Implementation Details
- Concatenates text and video token sequences of multiple scenes into a unified one-dimensional sequence.
- Uses a segment-level conditional mask to condition the generation of new scenes on preceding segments.
- Combines pre-training on non-contiguous video segments with supervised fine-tuning on coherent multi-scene videos.
Innovation Points
- Symmetric binary mask: Ensures precise alignment between text annotations and video segments while preserving temporal coherence.
- Segment-level conditional mask: Enables auto-regressive scene extension by conditioning new segments on preceding ones.
- Pre-training strategy: Reduces reliance on large-scale consecutive video data by training on non-contiguous segments.
Results
Experimental Setup
- Pre-training dataset: 1 million video samples from Panda70M, concatenated into multi-scene videos.
- Supervised fine-tuning dataset: Constructed from long-form videos segmented into coherent multi-scene combinations.
- Evaluation dataset: 50 scenes with diverse prompts generated using ChatGPT.
Key Findings
- Mask²DiT achieves significant improvements in visual consistency (70.95%) and sequence consistency (47.45%) compared to state-of-the-art methods.

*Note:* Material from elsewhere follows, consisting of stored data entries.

(* Let $(K,w_K)$ and $(H,w_H)$ be weighted graphs (1-dimensional weighted simplicial complexes) such that $(H,w_H)$ is a subgraph of $(K,w_K)$ and their proper difference $(L,w_L)$ exists, i.e. $L=K$, $w_L=w_K-w_H$ (with $w_H$ extended by $0$ outside $H$) and $\{F\in K:w_L(F)>0\}$ is a simplicial complex. Assume $w_K$ and $w_L$ satisfy the normalizing condition, and let $\lambda_1\le\dots\le\lambda_N$ and $\theta_1\le\dots\le\theta_N$ ($N$ the number of vertices of $K$) be the eigenvalues of the normalized graph Laplacians $\Delta^{up}_0(K)=\mathcal{L}^{up}_0(K,w_K)$ and $\Delta^{up}_0(L)=\mathcal{L}^{up}_0(L,w_L)$, respectively. With the conventions $\lambda_j=0$ for $1-\dim C^0(H,\mathbb{R})+\dim H^0(H,\mathbb{R})\le j\le 0$ and $\lambda_j=2$ for $N+1\le j\le N+\dim C^0(H,\mathbb{R})$, for all $k=1,\dots,N$: $$\lambda_{k-\dim C^0(H,\mathbb{R})+\dim H^0(H,\mathbb{R})}\le\theta_k\le\lambda_{k+\dim C^0(H,\mathbb{R})}.$$
   Context: For a graph $G$ (vertices $S_0$, edges $S_1$) with weight function $w\ge0$ on vertices and edges, $C^0(G,\mathbb{R})$ is the space of functions on vertices with inner product $(f,g)=\sum_v w(v)f(v)g(v)$, $C^1$ the space of functions on oriented edges with $(\bar f,\bar g)=\sum_e w(e)\bar f(e)\bar g(e)$, $(\delta_0 f)([u,v])=f(v)-f(u)$, and the formal adjoint $(\delta_0^*\bar f)(v)=\sum_{e\ni v}\frac{w(e)}{w(v)}\mathrm{sgn}(v,\partial e)\bar f(e)$ if $w(v)\neq0$ and $0$ if $w(v)=0$, where $\mathrm{sgn}(v,\partial[u,v])=1$, $\mathrm{sgn}(u,\partial[u,v])=-1$. $\mathcal{L}^{up}_0(G,w)=\delta_0^*\delta_0$. A subgraph $(H,w_H)$ of $(K,w_K)$ is a subcomplex with $w_H\le w_K$ on its faces. The normalizing condition: $w(v)=\sum_{e\ni v}w(e)$ for every vertex $v$ that lies on at least one edge. $\dim C^0(H,\mathbb{R})$ is the number of vertices of $H$ and $\dim H^0(H,\mathbb{R})$ its number of connected components. *)

theory Defs
  imports "HOL-Analysis.Analysis" "HOL-Computational_Algebra.Polynomial"
begin

definition is_complex1 :: "'a set set \<Rightarrow> bool" where
  "is_complex1 S \<longleftrightarrow> (\<forall>F\<in>S. F \<noteq> {} \<and> finite F \<and> card F \<le> 2) \<and>
     (\<forall>F\<in>S. \<forall>G. G \<subseteq> F \<and> G \<noteq> {} \<longrightarrow> G \<in> S)"

definition vertices :: "'a set set \<Rightarrow> 'a set" where
  "vertices S = {v. {v} \<in> S}"

definition edges_at :: "'a set set \<Rightarrow> 'a \<Rightarrow> 'a set set" where
  "edges_at S v = {e \<in> S. card e = 2 \<and> v \<in> e}"

definition weighted_subgraph ::
  "'a set set \<Rightarrow> ('a set \<Rightarrow> real) \<Rightarrow> 'a set set \<Rightarrow> ('a set \<Rightarrow> real) \<Rightarrow> bool" where
  "weighted_subgraph H wH K wK \<longleftrightarrow> is_complex1 H \<and> is_complex1 K \<and> H \<subseteq> K \<and>
     (\<forall>F\<in>H. wH F \<le> wK F)"

definition diff_weight :: "('a set \<Rightarrow> real) \<Rightarrow> 'a set set \<Rightarrow> ('a set \<Rightarrow> real) \<Rightarrow> 'a set \<Rightarrow> real" where
  "diff_weight wK H wH F = wK F - (if F \<in> H then wH F else 0)"

definition normalizing :: "'a set set \<Rightarrow> ('a set \<Rightarrow> real) \<Rightarrow> bool" where
  "normalizing S w \<longleftrightarrow> (\<forall>v \<in> vertices S. edges_at S v \<noteq> {} \<longrightarrow>
      w {v} = (\<Sum>e\<in>edges_at S v. w e))"

text \<open>The up Laplacian \<delta>0* \<delta>0 on vertex functions. For an edge e containing v, with
  other endpoint u, sgn(v,\<partial>e) \<cdot> (\<delta>0 f)(e) = f v - f u, independent of the orientation.\<close>
definition lap_up0 :: "'a set set \<Rightarrow> ('a set \<Rightarrow> real) \<Rightarrow> ('a \<Rightarrow> real) \<Rightarrow> 'a \<Rightarrow> real" where
  "lap_up0 S w f v = (if w {v} = 0 then 0 else
     (\<Sum>e\<in>edges_at S v. w e / w {v} * (f v - f (the_elem (e - {v})))))"
(* Let $G$ be a group with a BN-pair $(B,N)$ carrying two group topologies $\mathcal{S}\subseteq\mathcal{T}$, and suppose $B\in\mathcal{S}$ (i.e. $B$ is $\mathcal{S}$-open). Let $\widehat{\mathrm{Id}}:\widehat{(G,\mathcal{T})}\to\widehat{(G,\mathcal{S})}$ be the unique continuous extension of the identity, and $\widehat{\mathrm{Id}_B}:\widehat{(B,\mathcal{T}_B)}\to\widehat{(B,\mathcal{S}_B)}$ the analogous map for the restricted topologies on $B$. Then $\ker\widehat{\mathrm{Id}}=\ker\widehat{\mathrm{Id}_B}$.
   Context: Completions are right uniform completions (minimal Cauchy filters), which are monoids; the kernel of a monoid homomorphism means the preimage of $1$. $\mathcal{T}_B,\mathcal{S}_B$ are the subspace topologies on $B$, and $\widehat{(B,\mathcal{T}_B)}$ is identified with the closure of $B$ in $\widehat{(G,\mathcal{T})}$. *)

theory Defs
  imports "HOL-Analysis.Analysis" "HOL-Algebra.Algebra"
begin

text \<open>The Weyl group W = N/H (H = B \<inter> N) is
  generated by a set of involutions, given here by a set R of representatives in N
  (r \<notin> H, r r \<in> H, and R \<union> H generates N).\<close>
definition BN_pair :: "('a, 'b) monoid_scheme \<Rightarrow> 'a set \<Rightarrow> 'a set \<Rightarrow> bool" where
  "BN_pair G B N \<longleftrightarrow>
     subgroup B G \<and> subgroup N G \<and>
     generate G (B \<union> N) = carrier G \<and>
     normal (B \<inter> N) (G\<lparr>carrier := N\<rparr>) \<and>
     (\<exists>R. R \<subseteq> N \<and>
        (\<forall>r\<in>R. r \<notin> B \<inter> N \<and> r \<otimes>\<^bsub>G\<^esub> r \<in> B \<inter> N) \<and>
        generate G (R \<union> (B \<inter> N)) = N \<and>
        (\<forall>r\<in>R. \<forall>n\<in>N.
           set_mult G (r <#\<^bsub>G\<^esub> B) {n} \<subseteq>
             set_mult G (B #>\<^bsub>G\<^esub> n) B \<union> set_mult G (B #>\<^bsub>G\<^esub> (r \<otimes>\<^bsub>G\<^esub> n)) B) \<and>
        (\<forall>r\<in>R. (r <#\<^bsub>G\<^esub> B) #>\<^bsub>G\<^esub> r \<noteq> B))"

definition group_topology :: "('a, 'b) monoid_scheme \<Rightarrow> 'a topology \<Rightarrow> bool" where
  "group_topology G T \<longleftrightarrow>
     topspace T = carrier G \<and>
     continuous_map (prod_topology T T) T (\<lambda>(x, y). x \<otimes>\<^bsub>G\<^esub> y) \<and>
     continuous_map T T (\<lambda>x. inv\<^bsub>G\<^esub> x)"

text \<open>Cauchy filters for the right uniformity (entourages {(x,y). x * inverse(y) \<in> U},
  U a neighbourhood of 1).  Filters on the carrier are filters on the ambient type
  that eventually lie in the carrier.\<close>
definition right_cauchy :: "('a, 'b) monoid_scheme \<Rightarrow> 'a topology \<Rightarrow> 'a filter \<Rightarrow> bool" where
  "right_cauchy G T F \<longleftrightarrow>
     F \<noteq> bot \<and> eventually (\<lambda>x. x \<in> carrier G) F \<and>
     (\<forall>U. openin T U \<and> \<one>\<^bsub>G\<^esub> \<in> U \<longrightarrow>
        (\<exists>A. eventually (\<lambda>x. x \<in> A) F \<and>
             (\<forall>x\<in>A. \<forall>y\<in>A. x \<otimes>\<^bsub>G\<^esub> inv\<^bsub>G\<^esub> y \<in> U)))"

text \<open>Minimal Cauchy filters (in Isabelle's order, F \<le> F' means F is finer).\<close>
definition min_right_cauchy :: "('a, 'b) monoid_scheme \<Rightarrow> 'a topology \<Rightarrow> 'a filter \<Rightarrow> bool" where
  "min_right_cauchy G T F \<longleftrightarrow>
     right_cauchy G T F \<and> (\<forall>F'. right_cauchy G T F' \<and> F \<le> F' \<longrightarrow> F' = F)"

definition completion :: "('a, 'b) monoid_scheme \<Rightarrow> 'a topology \<Rightarrow> 'a filter set" where
  "completion G T = {F. min_right_cauchy G T F}"

text \<open>The continuous extension of the identity to completions (for a coarser
  topology S): send F to the unique minimal S-Cauchy filter coarser than F.
  The same map, applied with T, realises the identification of the completion of a
  subgroup with the closure of the subgroup in the completion.\<close>
definition compl_map :: "('a, 'b) monoid_scheme \<Rightarrow> 'a topology \<Rightarrow> 'a filter \<Rightarrow> 'a filter" where
  "compl_map G S F = (THE F'. min_right_cauchy G S F' \<and> F \<le> F')"

text \<open>The identity element of the completion: image of 1 under the canonical embedding,
  i.e. the neighbourhood filter of 1.\<close>
definition compl_one :: "('a, 'b) monoid_scheme \<Rightarrow> 'a topology \<Rightarrow> 'a filter" where
  "compl_one G S = nhdsin S \<one>\<^bsub>G\<^esub>"

definition ker_ext_id :: "('a, 'b) monoid_scheme \<Rightarrow> 'a topology \<Rightarrow> 'a topology \<Rightarrow> 'a filter set" where
  "ker_ext_id G T S = {F \<in> completion G T. compl_map G S F = compl_one G S}"

end

theory Submission
  imports Defs
begin

text \<open>Since \<open>B\<close> is
  \<open>\<S>\<close>-open, hence \<open>\<T>\<close>-open, a Cauchy filter coarser than a filter containing \<open>B\<close>
  contains \<open>B\<close> itself: it contains some \<open>C\<close> with \<open>C C\<inverse> \<subseteq> B\<close>, and \<open>C\<close> meets \<open>B\<close>.
  So the (minimal) Cauchy filters of \<open>B\<close> are exactly the (minimal) Cauchy filters of \<open>G\<close>
  containing \<open>B\<close>, and the extensions of the identity agree on them. Every filter in
  either kernel contains \<open>B\<close>, because the kernel of the extension consists of filters
  finer than the \<open>\<S>\<close>-neighbourhood filter of \<open>\<one>\<close>. Finally, on minimal
  \<open>\<T>\<close>-Cauchy filters \<open>compl_map G \<T>\<close> is the identity, which realises the
  identification of the completion of \<open>B\<close> with a subset of that of \<open>G\<close>.\<close>

lemma continuous_map_group_mult:
  assumes "group_topology G S" "continuous_map Z S f" "continuous_map Z S g"
  shows "continuous_map Z S (\<lambda>z. f z \<otimes>\<^bsub>G\<^esub> g z)"
proof -
  have mult: "continuous_map (prod_topology S S) S (\<lambda>(x, y). x \<otimes>\<^bsub>G\<^esub> y)"
    using assms(1) by (simp add: group_topology_def)
  have "continuous_map Z (prod_topology S S) (\<lambda>z. (f z, g z))"
    using assms(2,3) by (simp add: continuous_map_paired)
  from continuous_map_compose[OF this mult] show ?thesis
    by (simp add: o_def)
qed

- The model excels in maintaining character consistency, background coherence, and stylistic uniformity across scenes.
- Auto-regressive scene extension capability allows for seamless generation of additional scenes with high fidelity.
Limitations
- Limited to generating animated videos due to training data constraints.
- Motion dynamics and scene durations require further investigation for broader applicability.